(Input)
(* Let $k=\mathbb F_{2^f}$ and let $\rho=(R,V,\beta,\Phi)$ be the form ring defined below. A code $C\le k^N$ is of Type $\rho$ if and only if $C$ is a generalized doubly-even self-dual code, i.e. $C$ is a $k$-linear subspace with $C=\{x\in k^N:\sum_i x_ic_i=0\ \forall c\in C\}$ and, for every $c\in C$, $\sum_{i=1}^N c_i=0$ and $\sum_{1\le i<j\le N}c_ic_j=0$.
   Context: $R=V=\mathbb F_{2^f}$ (so codes are $k$-linear subspaces of $k^N$). $\beta(x,y):=\tfrac12\mathrm{tr}(xy)\in\tfrac12\mathbb Z/\mathbb Z$, where $\mathrm{tr}$ is the trace $\mathbb F_{2^f}\to\mathbb F_2\cong\mathbb Z/2\mathbb Z$. Let $O=\mathbb Z_2[\zeta_{2^f-1}]$ be the ring of integers of the unramified extension of degree $f$ of $\mathbb Q_2$, so $R\cong O/2O$; for $x\in R$ the square $x^2$ of any lift of $x$ is well defined in $O/4O$, and the trace $\mathrm{Tr}:O\to\mathbb Z_2$ maps $4O$ into $4\mathbb Z_2$. For $a\in R$ let $\phi_a:V\to\tfrac14\mathbb Z/\mathbb Z$, $\phi_a(x):=\tfrac14\mathrm{Tr}(a^2x^2)$, and $\Phi=\{\phi_a:a\in R\}$. A code of Type $\rho$ is a subspace $C\le k^N$ that is self-dual, i.e. $C=\{x:\sum_i\beta(x_i,c_i)=0\ \forall c\in C\}$, and isotropic, i.e. $\sum_i\phi(c_i)=0$ in $\mathbb Q/\mathbb Z$ for all $c\in C$ and $\phi\in\Phi$. *)

theory Defs
  imports Complex_Main "HOL-Library.Cardinality"
begin
definition open_graph :: "('e, 'v) pgraph \<Rightarrow> bool" where
  "open_graph G \<longleftrightarrow> pre_open_graph G
     \<and> inj_on (src G) {e\<in>edges G. src G e \<in> epts G}
     \<and> inj_on (tgt G) {e\<in>edges G. tgt G e \<in> epts G}"

definition finite_graph :: "('e, 'v) pgraph \<Rightarrow> bool" where
  "finite_graph G \<longleftrightarrow> finite (edges G) \<and> finite (verts G) \<and> finite (epts G)"

definition graph_iso :: "('e, 'v) pgraph \<Rightarrow> ('e, 'v) pgraph \<Rightarrow> bool" where
  "graph_iso G H \<longleftrightarrow> (\<exists>fE fN.
     bij_betw fE (edges G) (edges H) \<and> bij_betw fN (nodes G) (nodes H)
     \<and> fN ` verts G \<subseteq> verts H \<and> fN ` epts G \<subseteq> epts H
     \<and> (\<forall>e\<in>edges G. fN (src G e) = src H (fE e) \<and> fN (tgt G e) = tgt H (fE e)))"

definition contract_step :: "('e, 'v) pgraph \<Rightarrow> ('e, 'v) pgraph \<Rightarrow> bool" where
  "contract_step G G' \<longleftrightarrow> (\<exists>p e1 e2 e3.
     p \<in> epts G \<and> e1 \<in> edges G \<and> e2 \<in> edges G \<and> e1 \<noteq> e2
     \<and> tgt G e1 = p \<and> src G e2 = p
     \<and> e3 \<notin> edges G - {e1, e2}
     \<and> G' = \<lparr> edges = (edges G - {e1, e2}) \<union> {e3},
              verts = verts G,
              epts = epts G - {p},
              src = (src G)(e3 := src G e1),
              tgt = (tgt G)(e3 := tgt G e2) \<rparr>)"

definition contracts_to :: "('e, 'v) pgraph \<Rightarrow> ('e, 'v) pgraph \<Rightarrow> bool" (infix "\<preceq>\<^sub>c" 50) where
  "H \<preceq>\<^sub>c G \<longleftrightarrow> (\<exists>G'. contract_step\<^sup>*\<^sup>* G G' \<and> graph_iso H G')"

definition fin_open_graph :: "('e, 'v) pgraph \<Rightarrow> bool" where
  "fin_open_graph G \<longleftrightarrow> open_graph G \<and> finite_graph G"

end

theory Submission
  imports Defs
begin
lemma block_diag_component [simp]:
  "block_diag A C $ Inl x $ Inl y = A $ x $ y" "block_diag A C $ Inr x $ Inr y' = C $ x $ y'"
  "block_diag A C $ Inl x $ Inr y' = 0" "block_diag A C $ Inr x' $ Inl y = 0"
  by (simp_all add: block_diag_def)

lemma block_diag_nonzero_term_map_sum:
  fixes A :: "'r::comm_ring_1^'a::finite^'a" and C :: "'r^'b::finite^'b"
  assumes p: "p permutes UNIV" and nz: "(\<Prod>i\<in>UNIV. block_diag A C $ i $ p i) \<noteq> 0"
  shows "\<exists>p1 p2. p1 permutes UNIV \<and> p2 permutes UNIV \<and> p = map_sum p1 p2"
proof -
  have nz_entry: "block_diag A C $ i $ p i \<noteq> 0" for i
    using nz by (metis UNIV_I finite_class.finite_UNIV prod_zero)
  have l: "p (Inl x) = Inl (projl (p (Inl x)))" for x
    using nz_entry[of "Inl x"] by (cases "p (Inl x)") (simp_all add: block_diag_def)
  have r: "p (Inr y) = Inr (projr (p (Inr y)))" for y
    using nz_entry[of "Inr y"] by (cases "p (Inr y)") (simp_all add: block_diag_def)
  define p1 where "p1 x = projl (p (Inl x))" for x
  define p2 where "p2 y = projr (p (Inr y))" for y
  have "p = map_sum p1 p2"
  proof
    fix x show "p x = map_sum p1 p2 x"
      by (cases x) (use l r in \<open>simp_all add: p1_def p2_def\<close>)
  qed
  moreover have "inj p1"
  proof (rule injI)
    fix x y assume "p1 x = p1 y"
    then have "p (Inl x) = p (Inl y)" using l[of x] l[of y] by (simp add: p1_def)
    then show "x = y" using permutes_inj[OF p] by (simp add: inj_eq)
  qed
  moreover have "inj p2"
  proof (rule injI)
    fix x y assume "p2 x = p2 y"
    then have "p (Inr x) = p (Inr y)" using r[of x] r[of y] by (simp add: p2_def)
    then show "x = y" using permutes_inj[OF p] by (simp add: inj_eq)
  qed
  ultimately have "p1 permutes UNIV" "p2 permutes UNIV"
    by (auto intro: inj_imp_permutes)
  with \<open>p = map_sum p1 p2\<close> show ?thesis
    by blast
qed
lemma exists_pcompose_mult_normalizing:
  fixes f h :: "'a::field_char_0 poly"
  assumes L: "lie_subalg L" and C: "finite C" "C \<subseteq> Lfg f h" "Lfg f h \<subseteq> L + smult.span C"
    and h: "in_kf f (pderiv f * h)"
  shows "\<exists>P. P \<noteq> 0 \<and> pcompose P f * h \<in> L \<and>
    (\<forall>c\<in>C. wbr (pcompose P f * h) c \<in> L)"
proof -
  define x where "x i = f ^ i * h" for i :: nat
  have x: "x i \<in> Lfg f h" for i
    unfolding x_def Lfg_def using pcompose_monom[of 1 i f]
    by (metis (mono_tags) mem_Collect_eq smult_1_left)
  define J where "J = insert None (Some ` C)"
  define u where "u i j = (case j of None \<Rightarrow> x i | Some c \<Rightarrow> wbr (x i) c)" for i j
  define I where "I = {..card J * card C}"
  have "u i j \<in> L + smult.span C" if "j \<in> J" for i j
    using that x wbr_Lfg[OF h x] C(2,3) unfolding J_def u_def by (auto simp: subset_iff)
  then obtain a where a: "\<exists>i\<in>I. a i \<noteq> 0" "\<forall>j\<in>J. (\<Sum>i\<in>I. smult (a i) (u i j)) \<in> L"
    using dependent_mod_subspace[OF lie_subalg_subspace[OF L] C(1), of I J u] C(1)
    by (auto simp: I_def J_def)
  define P where "P = (\<Sum>i\<in>I. monom (a i) i)"
  have m: "pcompose P f * h = (\<Sum>i\<in>I. smult (a i) (x i))"
    unfolding P_def pcompose_sum_monom x_def by (simp add: sum_distrib_right)
  have "P \<noteq> 0" using a(1) unfolding P_def by (subst sum_monom_eq_0_iff) (auto simp: I_def)
  moreover have "pcompose P f * h \<in> L"
    using a(2) unfolding m J_def u_def by auto
  moreover have "wbr (pcompose P f * h) c \<in> L" if "c \<in> C" for c
    using a(2) that unfolding m wbr_sum_smult_left J_def u_def by auto
  ultimately show ?thesis by blast
qed

theorem mainTheorem3:
  fixes f :: "'a::field_char_0 poly" and L :: "'a poly set"
  assumes "degree f > 0"
    and "lie_subalg L"
    and "L \<subseteq> Lf f"
    and "fin_codim L (Lf f)"
  shows "\<exists>g. g \<noteq> 0 \<and> in_kf f (pderiv f * g) \<and> Lfg f g \<subseteq> L"
proof -
  define h where "h = gf f"
  have h: "admissible f h" using gf_admissible[OF assms(1)] by (simp add: h_def)
  then obtain r where r: "pderiv f * h = pcompose r f"
    unfolding admissible_def in_kf_def by blast
  have "pderiv f \<noteq> 0" using assms(1) by (simp add: pderiv_eq_0_iff)
  with h r have "r \<noteq> 0" by (auto simp: admissible_def)
  have M: "Lf f = Lfg f h" by (simp add: Lf_def h_def)
  obtain B where B: "finite B" "Lfg f h \<subseteq> L + smult.span B"
    using fin_codim_imp_subset_plus_span[OF assms(4)] unfolding M by blast
  obtain C where C: "finite C" "C \<subseteq> Lfg f h" "Lfg f h \<subseteq> L + smult.span C"
    using exists_finite_complement_within[OF lie_subalg_subspace[OF assms(2)] B] by blast
  obtain P where
    P: "P \<noteq> 0" "pcompose P f * h \<in> L" "\<forall>c\<in>C. wbr (pcompose P f * h) c \<in> L"
    using exists_pcompose_mult_normalizing[OF assms(2) C] h unfolding admissible_def by blast
  have "wbr (pcompose P f * h) (pcompose q f * h) \<in> L" for q
  proof (rule wbr_mem_if_mem_on_complement[OF assms(2) P(2)])
    show "pcompose q f * h \<in> L + smult.span C" using C(3) unfolding Lfg_def by blast
  qed (use P(3) in blast)
  then have "Lfg f (pcompose (P * P * r) f * h) \<subseteq> L"
    using Lfg_subset_if_wbr_mem[OF r] by blast
  moreover have "admissible f (pcompose (P * P * r) f * h)"
    using admissible_pcompose_mult[OF h assms(1)] P(1) \<open>r \<noteq> 0\<close> by simp
  ultimately show ?thesis unfolding admissible_def by blast
qed

end
(* For each $N\in\mathbb{N}^*$ there exists a constant $K_N$ such that for all $(i_1,\dots,i_N)\in\{1,\dots,6\}^N$ and all $(x,y)\in\mathcal{D}$, $$|x_{i_1,\dots,i_N}(x,y)-z_{i_1,\dots,i_N}(x)|\leq K_N y\quad\text{and}\quad |y_{i_1,\dots,i_N}(x,y)|\leq K_N y.$$
   Context: Every non-degenerate triangle is mapped by a similitude to a triangle with vertices $(0,0)$, $(1,0)$, $(x,y)$, with the longest edge sent to $[(0,0),(1,0)]$ and the shortest edge to $[(0,0),(x,y)]$; $(x,y)$ is its characterizing point and $\mathcal{D}\subset[0,1/2]\times[0,\sqrt3/2]$ is the set of characterizing points (flat triangles have $y=0$). For the triangle with vertices $A=(0,0)$, $B=(x,y)$, $C=(1,0)$, let $D,E,F$ be the midpoints of $[A,B],[B,C],[A,C]$ and $G$ the barycenter; the barycentric subdivision gives $T_1=\{A,D,G\}$, $T_2=\{D,B,G\}$, $T_3=\{B,E,G\}$, $T_4=\{E,C,G\}$, $T_5=\{C,F,G\}$, $T_6=\{F,A,G\}$, and $(x_i(x,y),y_i(x,y))$ denotes the characterizing point of $T_i$. Set $z_i(x)=x_i(x,0)$ for $x\in[0,1/2]$. Let $(\iota_n)_{n\ge1}$ be i.i.d. uniform on $\{1,\dots,6\}$ and define the coupled chains $(X_{n+1},Y_{n+1})=(x_{\iota_{n+1}}(X_n,Y_n),y_{\iota_{n+1}}(X_n,Y_n))$ and $Z_{n+1}=z_{\iota_{n+1}}(Z_n)$. For $(x,y)\in\mathcal{D}$ and $(i_1,\dots,i_N)\in\{1,\dots,6\}^N$, $x_{i_1,\dots,i_N}(x,y)$, $y_{i_1,\dots,i_N}(x,y)$ and $z_{i_1,\dots,i_N}(x)$ denote the values of $X_N$, $Y_N$ and $Z_N$ when $(X_0,Y_0)=(x,y)$, $Z_0=x$ and $(\iota_1,\dots,\iota_N)=(i_1,\dots,i_N)$. *)

theory Defs
  imports Complex_Main
begin

type_synonym pt = "real \<times> real"

definition seglen :: "pt \<Rightarrow> pt \<Rightarrow> real" where
  "seglen P Q = sqrt ((fst P - fst Q)^2 + (snd P - snd Q)^2)"

text \<open>Characterizing point of the triangle with vertices P, Q, R: with side lengths
  a (longest) \<ge> b (middle) \<ge> c (shortest), the similitude sending the longest edge to
  [(0,0),(1,0)] and the shortest edge to [(0,0),(x,y)] (y \<ge> 0) gives the point (x,y) with
  |(x,y)| = c/a and |(x,y)-(1,0)| = b/a, i.e. the formulas below.\<close>
definition charpt :: "pt \<Rightarrow> pt \<Rightarrow> pt \<Rightarrow> pt" where
  "charpt P Q R =
     (let l1 = seglen P Q; l2 = seglen Q R; l3 = seglen R P;
          a = max l1 (max l2 l3); c = min l1 (min l2 l3); b = l1 + l2 + l3 - a - c;
          x = (a^2 + c^2 - b^2) / (2 * a^2)
      in (x, sqrt ((c / a)^2 - x^2)))"

definition charD :: "pt set" where
  "charD = {charpt P Q R | P Q R. \<not> (P = Q \<and> Q = R)}"

definition midpt :: "pt \<Rightarrow> pt \<Rightarrow> pt" where
  "midpt P Q = ((fst P + fst Q) / 2, (snd P + snd Q) / 2)"

definition subpt :: "nat \<Rightarrow> pt \<Rightarrow> pt" where
  "subpt i p =
     (let A = (0,0); B = p; C = (1,0);
          D = midpt A B; E = midpt B C; F = midpt A C;
          G = ((fst A + fst B + fst C) / 3, (snd A + snd B + snd C) / 3)
      in if i = 1 then charpt A D G
         else if i = 2 then charpt D B G
         else if i = 3 then charpt B E G
         else if i = 4 then charpt E C G
         else if i = 5 then charpt C F G
         else charpt F A G)"

definition xi :: "nat \<Rightarrow> real \<Rightarrow> real \<Rightarrow> real" where
  "xi i x y = fst (subpt i (x, y))"

definition yi :: "nat \<Rightarrow> real \<Rightarrow> real \<Rightarrow> real" where
  "yi i x y = snd (subpt i (x, y))"

definition zi :: "nat \<Rightarrow> real \<Rightarrow> real" where
  "zi i x = xi i x 0"

text \<open>Iterates along a word (i_1,...,i_N): i_1 is applied first.\<close>
definition xy_iter :: "nat list \<Rightarrow> pt \<Rightarrow> pt" where
  "xy_iter is p = foldl (\<lambda>q i. (xi i (fst q) (snd q), yi i (fst q) (snd q))) p is"

definition z_iter :: "nat list \<Rightarrow> real \<Rightarrow> real" where
  "z_iter is x = foldl (\<lambda>z i. zi i z) x is"

end

theory Submission
  imports Defs
begin

(* The map (x, y) \<mapsto> (x_i, y_i) is the characterizing point of a triangle whose vertices
  depend affinely on (x, y). In terms of the sorted squared side lengths A \<ge> B \<ge> C, that point
  is ((A + C - B) / (2A), 2 area / A). On [0,1/2] \<times> [0,1] every subtriangle T_i has A \<ge> 1/16,
  so x_i is Lipschitz there, while its area is y/12, so y_i \<le> 3y. Since z_i(x) = x_i(x, 0),
  each step multiplies both |X_n - Z_n| and Y_n by at most a constant factor. *)

definition max3 :: "real \<Rightarrow> real \<Rightarrow> real \<Rightarrow> real" where
  "max3 a b c = max a (max b c)"

definition min3 :: "real \<Rightarrow> real \<Rightarrow> real \<Rightarrow> real" where
  "min3 a b c = min a (min b c)"

definition mid3 :: "real \<Rightarrow> real \<Rightarrow> real \<Rightarrow> real" where
  "mid3 a b c = a + b + c - max3 a b c - min3 a b c"

lemma min3_le_mid3: "min3 a b c \<le> mid3 a b c"
  and mid3_le_max3: "mid3 a b c \<le> max3 a b c"
  and le_max3: "a \<le> max3 a b c" "b \<le> max3 a b c" "c \<le> max3 a b c"
  by (auto simp: mid3_def max3_def min3_def)

lemma min3_nonneg: "0 \<le> a \<Longrightarrow> 0 \<le> b \<Longrightarrow> 0 \<le> c \<Longrightarrow> 0 \<le> min3 a b c"
  by (simp add: min3_def)

lemma power2_max3_min3_mid3:
  fixes a b c :: real
  assumes "0 \<le> a" "0 \<le> b" "0 \<le> c"
  shows "(max3 a b c)^2 = max3 (a^2) (b^2) (c^2)"
    and "(min3 a b c)^2 = min3 (a^2) (b^2) (c^2)"
    and "(mid3 a b c)^2 = mid3 (a^2) (b^2) (c^2)"
  using assms power_mono_iff[of _ _ 2]
  by (auto simp: max3_def min3_def mid3_def max_def min_def)

lemma max3_min3_mid3_sym2:
  "max3 a b c * min3 a b c + (max3 a b c + min3 a b c) * mid3 a b c = a * b + b * c + c * a"
  by (auto simp: max3_def min3_def mid3_def max_def min_def algebra_simps)

lemma max3_lipschitz:
  "\<bar>max3 a b c - max3 a' b' c'\<bar> \<le> \<bar>a - a'\<bar> + \<bar>b - b'\<bar> + \<bar>c - c'\<bar>"
  by (simp add: max3_def max_def abs_if split: if_splits)

lemma min3_lipschitz:
  "\<bar>min3 a b c - min3 a' b' c'\<bar> \<le> \<bar>a - a'\<bar> + \<bar>b - b'\<bar> + \<bar>c - c'\<bar>"
  by (simp add: min3_def min_def abs_if split: if_splits)

definition sqdist :: "pt \<Rightarrow> pt \<Rightarrow> real" where
  "sqdist P Q = (fst P - fst Q)^2 + (snd P - snd Q)^2"

definition cross :: "pt \<Rightarrow> pt \<Rightarrow> pt \<Rightarrow> real" where
  "cross P Q R = (fst Q - fst P) * (snd R - snd P) - (snd Q - snd P) * (fst R - fst P)"

definition dist1 :: "pt \<Rightarrow> pt \<Rightarrow> real" where
  "dist1 P Q = \<bar>fst P - fst Q\<bar> + \<bar>snd P - snd Q\<bar>"

lemma sqdist_nonneg: "0 \<le> sqdist P Q"
  by (simp add: sqdist_def)

lemma heron_sqdist:
  "4 * (sqdist P Q * sqdist Q R + sqdist Q R * sqdist R P + sqdist R P * sqdist P Q)
     - (sqdist P Q + sqdist Q R + sqdist R P)^2 = 4 * (cross P Q R)^2"
  unfolding sqdist_def cross_def by (simp add: algebra_simps power2_eq_square)

lemma cross_sq_le_sqdist: "(cross P Q R)^2 \<le> sqdist P Q * sqdist R P"
proof -
  have "sqdist P Q * sqdist R P = (cross P Q R)^2
      + ((fst Q - fst P) * (fst R - fst P) + (snd Q - snd P) * (snd R - snd P))^2"
    unfolding sqdist_def cross_def by (simp add: algebra_simps power2_eq_square)
  then show ?thesis by simp
qed

lemma sqdist_ge_sixteenth: "1/4 \<le> \<bar>fst P - fst Q\<bar> \<Longrightarrow> 1/16 \<le> sqdist P Q"
proof -
  assume "1/4 \<le> \<bar>fst P - fst Q\<bar>"
  then have "(1/4)^2 \<le> \<bar>fst P - fst Q\<bar>^2"
    by (rule power_mono) simp
  then have "1/16 \<le> (fst P - fst Q)^2"
    by (simp add: power2_abs power_divide)
  then show ?thesis
    unfolding sqdist_def using zero_le_power2[of "snd P - snd Q"] by linarith
qed

lemma abs_power2_diff_le:
  fixes u v :: real
  assumes "\<bar>u\<bar> \<le> 1" "\<bar>v\<bar> \<le> 1"
  shows "\<bar>u^2 - v^2\<bar> \<le> 2 * \<bar>u - v\<bar>"
proof -
  have "\<bar>u^2 - v^2\<bar> = \<bar>u + v\<bar> * \<bar>u - v\<bar>"
    by (simp add: power2_eq_square abs_mult[symmetric] algebra_simps)
  also have "\<dots> \<le> 2 * \<bar>u - v\<bar>"
    using assms by (intro mult_right_mono) auto
  finally show ?thesis .
qed

lemma sqdist_lipschitz:
  assumes "P \<in> {0..1} \<times> {0..1}" "Q \<in> {0..1} \<times> {0..1}"
    and "P' \<in> {0..1} \<times> {0..1}" "Q' \<in> {0..1} \<times> {0..1}"
  shows "\<bar>sqdist P Q - sqdist P' Q'\<bar> \<le> 2 * (dist1 P P' + dist1 Q Q')"
proof -
  have x: "\<bar>(fst P - fst Q)^2 - (fst P' - fst Q')^2\<bar> \<le> 2 * \<bar>(fst P - fst Q) - (fst P' - fst Q')\<bar>"
    and y: "\<bar>(snd P - snd Q)^2 - (snd P' - snd Q')^2\<bar> \<le> 2 * \<bar>(snd P - snd Q) - (snd P' - snd Q')\<bar>"
    using assms by (intro abs_power2_diff_le; auto simp: abs_le_iff)+
  have "\<bar>sqdist P Q - sqdist P' Q'\<bar>
      \<le> \<bar>(fst P - fst Q)^2 - (fst P' - fst Q')^2\<bar> + \<bar>(snd P - snd Q)^2 - (snd P' - snd Q')^2\<bar>"
    unfolding sqdist_def by linarith
  also have "\<dots> \<le> 2 * (dist1 P P' + dist1 Q Q')"
  proof -
    have "\<bar>(fst P - fst Q) - (fst P' - fst Q')\<bar> \<le> \<bar>fst P - fst P'\<bar> + \<bar>fst Q - fst Q'\<bar>"
      "\<bar>(snd P - snd Q) - (snd P' - snd Q')\<bar> \<le> \<bar>snd P - snd P'\<bar> + \<bar>snd Q - snd Q'\<bar>"
      by arith+
    with x y show ?thesis unfolding dist1_def distrib_left by linarith
  qed
  finally show ?thesis .
qed

(* The abscissa of the characterizing point in terms of the squared side lengths; its ordinate
  comes from Heron's formula 4AC - (A + C - B)^2 = (4 area)^2 for sorted A \<ge> B \<ge> C. *)
definition charx :: "real \<Rightarrow> real \<Rightarrow> real \<Rightarrow> real" where
  "charx a b c = (max3 a b c + min3 a b c - mid3 a b c) / (2 * max3 a b c)"

definition longest_sq :: "pt \<Rightarrow> pt \<Rightarrow> pt \<Rightarrow> real" where
  "longest_sq P Q R = max3 (sqdist P Q) (sqdist Q R) (sqdist R P)"

lemma charx_bounds:
  assumes "0 \<le> a" "0 \<le> b" "0 \<le> c"
  shows "0 \<le> charx a b c" "charx a b c \<le> 1/2"
  using min3_le_mid3[of a b c] mid3_le_max3[of a b c] min3_nonneg[OF assms]
  by (auto simp: charx_def divide_simps)

lemma sorted_heron_identity:
  "4 * max3 a b c * min3 a b c - (max3 a b c + min3 a b c - mid3 a b c)^2
     = 4 * (a * b + b * c + c * a) - (a + b + c)^2"
proof -
  have "4 * max3 a b c * min3 a b c - (max3 a b c + min3 a b c - mid3 a b c)^2
      = 4 * (max3 a b c * min3 a b c + (max3 a b c + min3 a b c) * mid3 a b c) - (a + b + c)^2"
    by (simp add: mid3_def algebra_simps power2_eq_square)
  then show ?thesis by (simp only: max3_min3_mid3_sym2)
qed

lemma charpt_eq:
  "charpt P Q R = (charx (sqdist P Q) (sqdist Q R) (sqdist R P), \<bar>cross P Q R\<bar> / longest_sq P Q R)"
proof -
  define A where "A = longest_sq P Q R"
  define B where "B = mid3 (sqdist P Q) (sqdist Q R) (sqdist R P)"
  define C where "C = min3 (sqdist P Q) (sqdist Q R) (sqdist R P)"
  define x where "x = charx (sqdist P Q) (sqdist Q R) (sqdist R P)"
  have seglen: "seglen U W = sqrt (sqdist U W)" for U W
    by (simp add: seglen_def sqdist_def)
  have charpt: "charpt P Q R = (x, sqrt (C / A - x^2))"
    unfolding charpt_def Let_def seglen
    using power2_max3_min3_mid3[of "sqrt (sqdist P Q)" "sqrt (sqdist Q R)" "sqrt (sqdist R P)"]
    by (simp add: sqdist_nonneg A_def C_def x_def charx_def longest_sq_def max3_def min3_def mid3_def
        power_divide)
  have heron: "4 * A * C - (A + C - B)^2 = 4 * (cross P Q R)^2"
    unfolding A_def B_def C_def longest_sq_def sorted_heron_identity heron_sqdist[symmetric]
    by (simp add: algebra_simps)
  have "0 \<le> C" "C \<le> A"
    unfolding A_def C_def longest_sq_def
    using min3_nonneg[OF sqdist_nonneg sqdist_nonneg sqdist_nonneg]
      min3_le_mid3 mid3_le_max3 by (blast intro: order_trans)+
  show ?thesis
  proof (cases "A = 0")
    case True
    then have "x = 0"
      by (simp add: x_def A_def charx_def longest_sq_def)
    with True show ?thesis
      using charpt \<open>0 \<le> C\<close> \<open>C \<le> A\<close> unfolding x_def A_def by simp
  next
    case False
    have "C / A - x^2 = (4 * A * C - (A + C - B)^2) / (4 * A^2)"
      using False
    by (simp add: x_def A_def B_def C_def charx_def longest_sq_def field_simps power2_eq_square)
    also have "\<dots> = (cross P Q R / A)^2"
      using False by (simp only: heron) (simp add: power_divide)
    finally show ?thesis
      using charpt \<open>0 \<le> C\<close> \<open>C \<le> A\<close> unfolding x_def A_def by simp
  qed
qed

lemma charpt_in_region: "charpt P Q R \<in> {0..1/2} \<times> {0..1}"
proof -
  define A where "A = longest_sq P Q R"
  have "sqdist P Q \<le> A" "sqdist R P \<le> A"
    unfolding A_def longest_sq_def by (rule le_max3)+
  moreover have "0 \<le> A"
    using \<open>sqdist P Q \<le> A\<close> sqdist_nonneg[of P Q] by linarith
  ultimately have "sqdist P Q * sqdist R P \<le> A * A"
    by (intro mult_mono) (auto simp: sqdist_nonneg)
  with cross_sq_le_sqdist[of P Q R] \<open>0 \<le> A\<close> have "\<bar>cross P Q R\<bar> \<le> A"
    using abs_le_square_iff[of _ A] by (simp add: power2_eq_square)
  then have "\<bar>cross P Q R\<bar> / A \<le> 1"
    by (cases "A = 0") auto
  then show ?thesis
    using charx_bounds[OF sqdist_nonneg sqdist_nonneg sqdist_nonneg] \<open>0 \<le> A\<close>
    by (simp add: charpt_eq A_def)
qed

(Problem requirements)
Output the lines of the records above exactly as they appear, from the line containing "foldl (\<lambda>q i." through the line containing "is ((A + C - B)".

(Expected answer)
  "xy_iter is p = foldl (\<lambda>q i. (xi i (fst q) (snd q), yi i (fst q) (snd q))) p is"

definition z_iter :: "nat list \<Rightarrow> real \<Rightarrow> real" where
  "z_iter is x = foldl (\<lambda>z i. zi i z) x is"

end

theory Submission
  imports Defs
begin

(* The map (x, y) \<mapsto> (x_i, y_i) is the characterizing point of a triangle whose vertices
  depend affinely on (x, y). In terms of the sorted squared side lengths A \<ge> B \<ge> C, that point
  is ((A + C - B) / (2A), 2 area / A). On [0,1/2] \<times> [0,1] every subtriangle T_i has A \<ge> 1/16,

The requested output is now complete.